Early detection is especially key for young women, as premenopausal breast cancer is often more aggressive and harder to treat than breast cancer in older women. "Nearly 80 percent of younger women find their own breast cancer lumps," says Jennifer Merschdorf, CEO of the Young Survival Coalition. "It's natural for young women to have lumpy breasts or cysts, and in most cases, nothing is wrong. But if a lump doesn't go away, you should absolutely get it checked out."

I found a lump. What tests should my doctor perform?

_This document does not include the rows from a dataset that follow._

lemma pair_in_sym: "pair_in A e f \<Longrightarrow> pair_in A f e"
  unfolding pair_in_def by (auto simp: insert_commute)

lemma pair_in_Ex: "pairs_cover n x A \<Longrightarrow> pair_in A e f \<Longrightarrow> e \<in> Ex n x \<and> f \<in> Ex n x"
  unfolding pairs_cover_def pair_in_def by blast

lemma pair_in_exists: "pairs_cover n x A \<Longrightarrow> e \<in> Ex n x \<Longrightarrow> \<exists>f. pair_in A e f"
  unfolding pairs_cover_def by blast

lemma sim_relI:
  "e \<in> Ex n x \<Longrightarrow> e' \<in> Ex n x \<Longrightarrow> f \<in> Ex n x \<Longrightarrow> pair_in A e f \<Longrightarrow> pair_in A f e'
    \<Longrightarrow> (e, e') \<in> sim_rel n x A"
  unfolding sim_rel_def by blast

lemma finite_arcs: "finite (arcs n)"
  by (rule finite_subset[of _ "{..<n} \<times> {..<n}"]) (auto simp: arcs_def)

lemma card_half_support:
  assumes "finite F" "\<forall>e\<in>F. x e = 0 \<or> x e = (1/2::real)" "sum x F = 1"
  shows "card {e \<in> F. x e = 1/2} = 2"
proof -
  have "sum x F = sum x {e \<in> F. x e = 1/2}"
    using assms(1,2) by (intro sum.mono_neutral_right) auto
  also have "\<dots> = (\<Sum>e \<in> {e \<in> F. x e = 1/2}. 1/2)"
    by (rule sum.cong) auto
  finally show ?thesis using assms(3) by simp
qed

lemma pairs_cover_if_Dset_subset:
  assumes P: "in_P n x" and half: "half_integral n x"
    and D: "Dset n x \<subseteq> A" and AT: "A \<subseteq> Dset n x \<union> Tset n x"
  shows "pairs_cover n x A"
  unfolding pairs_cover_def
proof (intro conjI ballI)
  fix X assume "X \<in> A"
  then show "X \<subseteq> Ex n x" using AT unfolding Dset_def Tset_def by blast
next
  fix e assume e: "e \<in> Ex n x"
  obtain u v where uv: "e = (u,v)" by fastforce
  define F where "F = delta_out n u \<inter> Ex n x"
  have u: "u < n" using e uv unfolding Ex_def arcs_def by auto
  have sub: "delta_out n u \<subseteq> arcs n" unfolding delta_out_def by auto
  have "card {e \<in> delta_out n u. x e = 1/2} = 2"
    using finite_subset[OF sub finite_arcs] half sub P u
    unfolding half_integral_def in_P_def by (intro card_half_support) auto
  moreover have "{e \<in> delta_out n u. x e = 1/2} = F"
    using sub unfolding F_def Ex_def by auto
  ultimately obtain a b where ab: "F = {a,b}" "a \<noteq> b" by (auto simp: card_2_iff)
  have "F \<in> A" using D u unfolding F_def Dset_def by blast
  moreover have "e \<in> F" using e uv unfolding F_def Ex_def delta_out_def by auto
  ultimately show "\<exists>f. pair_in A e f" using ab unfolding pair_in_def
    by (metis doubleton_eq_iff insertE singletonD)
qed
lemma set_integrable_Beta_integrand:
  fixes a b u :: real
  assumes "a > 0" "u < 1"
  shows "set_integrable lborel {0..u} (\<lambda>y. y powr (a - 1) * (1 - y) powr (b - 1))"
proof -
  have cont: "continuous_on {0..u} (\<lambda>y. (1 - y) powr (b - 1))"
    using assms by (intro continuous_intros) auto
  have "(\<lambda>y. y powr (a - 1)) absolutely_integrable_on {0..u}"
  proof (cases "u \<ge> 0")
    case True
    then show ?thesis
      using assms by (intro nonnegative_absolutely_integrable_1 integrable_on_powr_from_0) auto
  qed simp
  then have "(\<lambda>y. (1 - y) powr (b - 1) * y powr (a - 1)) absolutely_integrable_on {0..u}"
    using cont
    by (intro absolutely_integrable_bounded_measurable_product_real
          continuous_imp_measurable_on_sets_lebesgue compact_imp_bounded compact_continuous_image)
       auto
  then show ?thesis
    unfolding set_integrable_def
    by (subst (asm) integrable_completion) (auto simp: mult.commute)
qed

lemma interval_integral_Beta_integrand:
  fixes a b u :: real
  assumes "a > 0" "0 \<le> u" "u < 1"
  shows "(LBINT y=0..u. y powr (a - 1) * (1 - y) powr (b - 1)) = incomplete_Beta a b u"
  using interval_integral_eq_integral[OF assms(2) set_integrable_Beta_integrand[OF assms(1,3)]]
  by (simp add: incomplete_Beta_def zero_ereal_def)

lemma nn_integral_Beta_integrand:
  fixes a b u :: real
  assumes "a > 0" "u < 1"
  shows "(\<integral>\<^sup>+y. ennreal (indicator {0..u} y * (y powr (a - 1) * (1 - y) powr (b - 1))) \<partial>lborel)
       = ennreal (incomplete_Beta a b u)"
  using set_borel_integral_eq_integral(1)[OF set_integrable_Beta_integrand[OF assms]]
  unfolding incomplete_Beta_def
  by (intro nn_integral_has_integral_lebesgue integrable_integral) auto

lemma incomplete_Beta_nonneg:
  fixes a b u :: real
  assumes "a > 0" "u < 1"
  shows "incomplete_Beta a b u \<ge> 0"
  unfolding incomplete_Beta_def
  using set_borel_integral_eq_integral(1)[OF set_integrable_Beta_integrand[OF assms]]
  by (rule integral_nonneg) simp

lemma has_real_derivative_incomplete_Beta:
  fixes a b u :: real
  assumes "a > 0" "0 < u" "u < 1"
  shows "(incomplete_Beta a b has_real_derivative u powr (a - 1) * (1 - u) powr (b - 1)) (at u)"
proof -
  let ?f = "\<lambda>y. y powr (a - 1) * (1 - y) powr (b - 1)"
  define c d where "c = u / 2" and "d = (u + 1) / 2"
  have cd: "0 < c" "c < u" "u < d" "d < 1"
    using assms by (auto simp: c_def d_def)
  have "((\<lambda>x. integral {c..x} ?f) has_real_derivative ?f u) (at u within {c..d})"
    using cd by (intro integral_has_real_derivative continuous_intros) auto
  then have "((\<lambda>x. incomplete_Beta a b c + integral {c..x} ?f) has_real_derivative ?f u) (at u)"
    using cd by (auto simp: at_within_Icc_at intro!: derivative_eq_intros)
  then show ?thesis
  proof (rule has_field_derivative_transform_within_open[where S = "{c<..<d}"])
    fix x assume x: "x \<in> {c<..<d}"
    have "?f integrable_on {0..x}"
      using x cd assms by (intro set_borel_integral_eq_integral(1) set_integrable_Beta_integrand) auto
    then show "incomplete_Beta a b c + integral {c..x} ?f = incomplete_Beta a b x"
      unfolding incomplete_Beta_def using x cd
      by (intro Henstock_Kurzweil_Integration.integral_combine) auto
  qed (use cd in auto)
qed

lemma incomplete_Beta_tendsto_Beta:
  fixes a b :: real
  assumes "a > 0" "b > 0"
  shows "(incomplete_Beta a b \<longlongrightarrow> Beta a b) (at_left 1)"
proof -
  have "continuous_on {0..1} (incomplete_Beta a b)"
    unfolding incomplete_Beta_def
    by (rule indefinite_integral_continuous_1) (use integrable_Beta' assms in auto)
  then have "(incomplete_Beta a b \<longlongrightarrow> incomplete_Beta a b 1) (at 1 within {0..1})"
    by (simp add: continuous_on_def)
  then have "(incomplete_Beta a b \<longlongrightarrow> incomplete_Beta a b 1) (at_left 1)"
    by (simp add: at_within_Icc_at_left)
  moreover have "incomplete_Beta a b 1 = Beta a b"
    unfolding incomplete_Beta_def using assms by (intro integral_unique has_integral_Beta_real)
  ultimately show ?thesis
    by simp
qed

text \<open>For \<open>b \<le> 0\<close> the integral diverges at 1; by l'Hopital it is asymptotic to any primitive
  of the singular factor \<open>(1 - u) powr (b - 1)\<close>, since the regular factor tends to 1.\<close>
lemma incomplete_Beta_asymp_equiv_at_left_1:
  fixes a b :: real and g :: "real \<Rightarrow> real"
  assumes "a > 0" and g_lim: "LIM u at_left 1. g u :> at_top"
    and g_deriv: "\<And>u. 0 < u \<Longrightarrow> u < 1 \<Longrightarrow> (g has_real_derivative (1 - u) powr (b - 1)) (at u)"
  shows "incomplete_Beta a b \<sim>[at_left 1] g"
proof (rule asymp_equivI')
  have near_1: "\<forall>\<^sub>F u in at_left 1. u \<in> {0<..<1::real}"
    by (rule eventually_at_left_real) simp
  have "((\<lambda>u. u powr (a - 1)) \<longlongrightarrow> 1 powr (a - 1)) (at_left 1)"
    by (intro tendsto_intros) auto
  then have "((\<lambda>u. u powr (a - 1)) \<longlongrightarrow> 1) (at_left 1)"
    by simp
  then have ratio:
      "((\<lambda>u. u powr (a - 1) * (1 - u) powr (b - 1) / (1 - u) powr (b - 1)) \<longlongrightarrow> 1) (at_left 1)"
    by (rule Lim_transform_eventually) (use near_1 in \<open>auto elim!: eventually_mono\<close>)
  show "((\<lambda>u. incomplete_Beta a b u / g u) \<longlongrightarrow> 1) (at_left 1)"
  proof (rule lhopital_left_at_top[OF g_lim _ _ _ ratio])
    show "\<forall>\<^sub>F u in at_left 1. (1 - u) powr (b - 1) \<noteq> 0"
      using near_1 by eventually_elim auto
    show "\<forall>\<^sub>F u in at_left 1.
        (incomplete_Beta a b has_real_derivative u powr (a - 1) * (1 - u) powr (b - 1)) (at u)"
      using near_1 by eventually_elim (use assms in \<open>auto intro!: has_real_derivative_incomplete_Beta\<close>)
    show "\<forall>\<^sub>F u in at_left 1. (g has_real_derivative (1 - u) powr (b - 1)) (at u)"
      using near_1 by eventually_elim (auto intro!: g_deriv)
  qed
qed

lemma incomplete_Beta_asymp_equiv_ln:
  fixes a :: real
  assumes "a > 0"
  shows "incomplete_Beta a 0 \<sim>[at_left 1] (\<lambda>u. - ln (1 - u))"
proof (rule incomplete_Beta_asymp_equiv_at_left_1[OF assms])
  have "filterlim (\<lambda>u. 1 - u) (at_right 0) (at_left (1::real))"
    by real_asymp
  from filterlim_compose[OF ln_at_0 this] have "LIM u at_left 1. ln (1 - u :: real) :> at_bot"
    by (simp add: filterlim_def)
  then show "LIM u at_left 1. - ln (1 - u :: real) :> at_top"
    by (rule filterlim_uminus_at_bot[THEN iffD1])
  fix u :: real assume "0 < u" "u < 1"
  then have "((\<lambda>u. - ln (1 - u)) has_real_derivative - (- 1 / (1 - u))) (at u)"
    by (auto intro!: derivative_eq_intros)
  then show "((\<lambda>u. - ln (1 - u)) has_real_derivative (1 - u) powr (0 - 1)) (at u)"
    using \<open>u < 1\<close> by (simp add: powr_minus divide_simps)
qed

lemma incomplete_Beta_asymp_equiv_powr:
  fixes a b :: real
  assumes "a > 0" "b < 0"
  shows "incomplete_Beta a b \<sim>[at_left 1] (\<lambda>u. (1 - u) powr b / - b)"
proof (rule incomplete_Beta_asymp_equiv_at_left_1[OF assms(1)])
  show "LIM u at_left 1. (1 - u) powr b / - b :> at_top"
    using assms(2) by real_asymp
  fix u :: real assume "0 < u" "u < 1"
  then have "((\<lambda>u. (1 - u) powr b / - b) has_real_derivative
      b * (1 - u) powr (b - 1) * (- 1) / - b) (at u)"
    by (auto intro!: derivative_eq_intros)
  then show "((\<lambda>u. (1 - u) powr b / - b) has_real_derivative (1 - u) powr (b - 1)) (at u)"
    using assms(2) by simp
qed

lemma filterlim_ratio_at_left_1:
  fixes \<theta> :: real
  assumes "\<theta> > 0"
  shows "filterlim (\<lambda>t. t / (\<theta> + t)) (at_left 1) at_top"
  using assms by real_asymp

lemma incomplete_Beta_scaled_asymp_equiv_pos:
  fixes a b \<theta> :: real
  assumes "a > 0" "b > 0" "\<theta> > 0"
  shows "(\<lambda>t. (\<theta> + t) powr (a + b - 1) * incomplete_Beta a b (t / (\<theta> + t)))
           \<sim>[at_top] (\<lambda>t. t powr (a + b - 1) * Beta a b)"
proof (rule asymp_equiv_mult)
  show "(\<lambda>t. (\<theta> + t) powr (a + b - 1)) \<sim>[at_top] (\<lambda>t. t powr (a + b - 1))"
    using assms by real_asymp
  have "Beta a b > 0"
    using assms by (simp add: Beta_def)
  then have "incomplete_Beta a b \<sim>[at_left 1] (\<lambda>_. Beta a b)"
    using assms by (intro tendsto_imp_asymp_equiv_const incomplete_Beta_tendsto_Beta) auto
  then show "(\<lambda>t. incomplete_Beta a b (t / (\<theta> + t))) \<sim>[at_top] (\<lambda>_. Beta a b)"
    using filterlim_ratio_at_left_1[OF assms(3)] by (rule asymp_equiv_compose')
qed

lemma incomplete_Beta_scaled_asymp_equiv_zero:
  fixes a \<theta> :: real
  assumes "a > 0" "\<theta> > 0"
  shows "(\<lambda>t. (\<theta> + t) powr (a - 1) * incomplete_Beta a 0 (t / (\<theta> + t)))
           \<sim>[at_top] (\<lambda>t. t powr (a - 1) * ln t)"
proof (rule asymp_equiv_mult)
  show "(\<lambda>t. (\<theta> + t) powr (a - 1)) \<sim>[at_top] (\<lambda>t. t powr (a - 1))"
    using assms by real_asymp
  have "(\<lambda>t. incomplete_Beta a 0 (t / (\<theta> + t))) \<sim>[at_top] (\<lambda>t. - ln (1 - t / (\<theta> + t)))"
    using incomplete_Beta_asymp_equiv_ln[OF assms(1)] filterlim_ratio_at_left_1[OF assms(2)]
    by (rule asymp_equiv_compose')
  also have "(\<lambda>t. - ln (1 - t / (\<theta> + t))) \<sim>[at_top] ln"
    using assms by real_asymp
  finally show "(\<lambda>t. incomplete_Beta a 0 (t / (\<theta> + t))) \<sim>[at_top] ln" .
qed

lemma incomplete_Beta_scaled_asymp_equiv_neg:
  fixes a b \<theta> :: real
  assumes "a > 0" "b < 0" "\<theta> > 0"
  shows "(\<lambda>t. (\<theta> + t) powr (a + b - 1) * incomplete_Beta a b (t / (\<theta> + t)))
           \<sim>[at_top] (\<lambda>t. \<theta> powr b / - b * t powr (a - 1))"
proof -
  have "(\<lambda>t. incomplete_Beta a b (t / (\<theta> + t))) \<sim>[at_top] (\<lambda>t. (1 - t / (\<theta> + t)) powr b / - b)"
    using incomplete_Beta_asymp_equiv_powr[OF assms(1,2)] filterlim_ratio_at_left_1[OF assms(3)]
    by (rule asymp_equiv_compose')
  then have "(\<lambda>t. (\<theta> + t) powr (a + b - 1) * incomplete_Beta a b (t / (\<theta> + t)))
      \<sim>[at_top] (\<lambda>t. (\<theta> + t) powr (a + b - 1) * ((1 - t / (\<theta> + t)) powr b / - b))"
    by (intro asymp_equiv_mult asymp_equiv_refl)
  also have "\<dots> \<sim>[at_top] (\<lambda>t. \<theta> powr b / - b * (\<theta> + t) powr (a - 1))"
  proof (rule asymp_equiv_refl_ev)
    show "\<forall>\<^sub>F t in at_top. (\<theta> + t) powr (a + b - 1) * ((1 - t / (\<theta> + t)) powr b / - b)
        = \<theta> powr b / - b * (\<theta> + t) powr (a - 1)"
      using eventually_gt_at_top[of 0]
    proof eventually_elim
      case (elim t)
      then have "1 - t / (\<theta> + t) = \<theta> / (\<theta> + t)"
        and "(\<theta> + t) powr (a + b - 1) = (\<theta> + t) powr (a - 1) * (\<theta> + t) powr b"
        using assms by (simp_all add: field_simps flip: powr_add)
      then show ?case
        using elim assms by (simp add: powr_divide)
    qed
  qed
  also have "\<dots> \<sim>[at_top] (\<lambda>t. \<theta> powr b / - b * t powr (a - 1))"
    using assms by (intro asymp_equiv_mult asymp_equiv_refl) real_asymp
  finally show ?thesis .
qed

lemma asymp_equiv_fractional_Pareto:
  fixes c \<alpha> \<theta> \<eta> :: real
  assumes "\<alpha> > 0" "\<theta> > 0"
  defines "F \<equiv> \<lambda>t. c * \<theta> powr \<eta> / Gamma \<alpha> *
             ((\<theta> + t) powr (\<alpha> - \<eta>) * incomplete_Beta \<alpha> (1 - \<eta>) (t / (\<theta> + t)))"
  shows "\<eta> < 1 \<Longrightarrow>
           F \<sim>[at_top] (\<lambda>t. c * \<theta> powr \<eta> * Gamma (1 - \<eta>) / Gamma (\<alpha> + 1 - \<eta>) * t powr (\<alpha> - \<eta>))"
    and "\<eta> = 1 \<Longrightarrow> F \<sim>[at_top] (\<lambda>t. c * \<theta> / Gamma \<alpha> * t powr (\<alpha> - 1) * ln t)"
    and "\<eta> > 1 \<Longrightarrow> F \<sim>[at_top] (\<lambda>t. c * \<theta> / ((\<eta> - 1) * Gamma \<alpha>) * t powr (\<alpha> - 1))"
proof -
  have asymp: "F \<sim>[at_top] H"
    if "(\<lambda>t. (\<theta> + t) powr (\<alpha> - \<eta>) * incomplete_Beta \<alpha> (1 - \<eta>) (t / (\<theta> + t))) \<sim>[at_top] G"
      and "\<And>t. c * \<theta> powr \<eta> / Gamma \<alpha> * G t = H t" for G H
    using asymp_equiv_mult[OF asymp_equiv_refl[of "\<lambda>_. c * \<theta> powr \<eta> / Gamma \<alpha>"] that(1)]
    by (simp only: F_def that(2))
  show "F \<sim>[at_top] (\<lambda>t. c * \<theta> powr \<eta> * Gamma (1 - \<eta>) / Gamma (\<alpha> + 1 - \<eta>) * t powr (\<alpha> - \<eta>))"
    if "\<eta> < 1"
  proof (rule asymp)
    show "(\<lambda>t. (\<theta> + t) powr (\<alpha> - \<eta>) * incomplete_Beta \<alpha> (1 - \<eta>) (t / (\<theta> + t)))
        \<sim>[at_top] (\<lambda>t. t powr (\<alpha> - \<eta>) * Beta \<alpha> (1 - \<eta>))"
      using incomplete_Beta_scaled_asymp_equiv_pos[of \<alpha> "1 - \<eta>" \<theta>] assms(1,2) that by simp
    show "c * \<theta> powr \<eta> / Gamma \<alpha> * (t powr (\<alpha> - \<eta>) * Beta \<alpha> (1 - \<eta>))
        = c * \<theta> powr \<eta> * Gamma (1 - \<eta>) / Gamma (\<alpha> + 1 - \<eta>) * t powr (\<alpha> - \<eta>)" for t
      using Gamma_real_pos[OF assms(1)] by (simp add: Beta_def add_diff_eq)
  qed
  show "F \<sim>[at_top] (\<lambda>t. c * \<theta> / Gamma \<alpha> * t powr (\<alpha> - 1) * ln t)" if "\<eta> = 1"
  proof (rule asymp)
    show "(\<lambda>t. (\<theta> + t) powr (\<alpha> - \<eta>) * incomplete_Beta \<alpha> (1 - \<eta>) (t / (\<theta> + t)))
        \<sim>[at_top] (\<lambda>t. t powr (\<alpha> - 1) * ln t)"
      using incomplete_Beta_scaled_asymp_equiv_zero[of \<alpha> \<theta>] assms(1,2) that by simp
    show "c * \<theta> powr \<eta> / Gamma \<alpha> * (t powr (\<alpha> - 1) * ln t)
        = c * \<theta> / Gamma \<alpha> * t powr (\<alpha> - 1) * ln t" for t
      using assms(2) that by simp
  qed
  show "F \<sim>[at_top] (\<lambda>t. c * \<theta> / ((\<eta> - 1) * Gamma \<alpha>) * t powr (\<alpha> - 1))" if "\<eta> > 1"
  proof (rule asymp)
    show "(\<lambda>t. (\<theta> + t) powr (\<alpha> - \<eta>) * incomplete_Beta \<alpha> (1 - \<eta>) (t / (\<theta> + t)))
        \<sim>[at_top] (\<lambda>t. \<theta> powr (1 - \<eta>) / - (1 - \<eta>) * t powr (\<alpha> - 1))"
      using incomplete_Beta_scaled_asymp_equiv_neg[of \<alpha> "1 - \<eta>" \<theta>] assms(1,2) that by simp
    have "\<theta> powr \<eta> * \<theta> powr (1 - \<eta>) = \<theta>"
      using assms(2) by (simp flip: powr_add)
    then show "c * \<theta> powr \<eta> / Gamma \<alpha> * (\<theta> powr (1 - \<eta>) / - (1 - \<eta>) * t powr (\<alpha> - 1))
        = c * \<theta> / ((\<eta> - 1) * Gamma \<alpha>) * t powr (\<alpha> - 1)" for t
      by (simp add: field_simps)
  qed
qed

Mariana Chavez-Mac Gregor, MD, an assistant professor of breast medical oncology at MD Anderson Cancer Center, assesses the three most widely used options:
  • Ultrasound. "In young women, most of the time we order an ultrasound first," Chavez-Mac Gregor says. They're quick, simple and good at evaluating cysts—small, usually benign fluid-filled sacs many women have in their breasts.
  • Mammogram. "Young breasts tend to be very dense, so a mammogram will likely not show you much, but it can detect things like calcifications that an ultrasound can't," Chavez-Mac Gregor says.
  • MRI. Because the highly detailed pictures they yield can sometimes trigger unnecessary biopsies of normal lumps, MRIs are often reserved for women who have tested positive for a breast cancer gene mutation (like BRCA1 or 2) or have a strong family history of the disease.
If I do have cancer, will treatment rob me of my chance to have kids?
Some chemotherapy drugs have been found to genetically damage or destroy eggs or send patients into a type of medical menopause. Don't panic. The younger the patient, the more likely her ovaries and eggs will recover. And the options for patients whose infertility proves permanent are expanding: Now that the American Society of Reproductive Medicine has officially endorsed egg freezing for young women with cancer, it's expected that more insurance companies will cover parts of the costly procedure.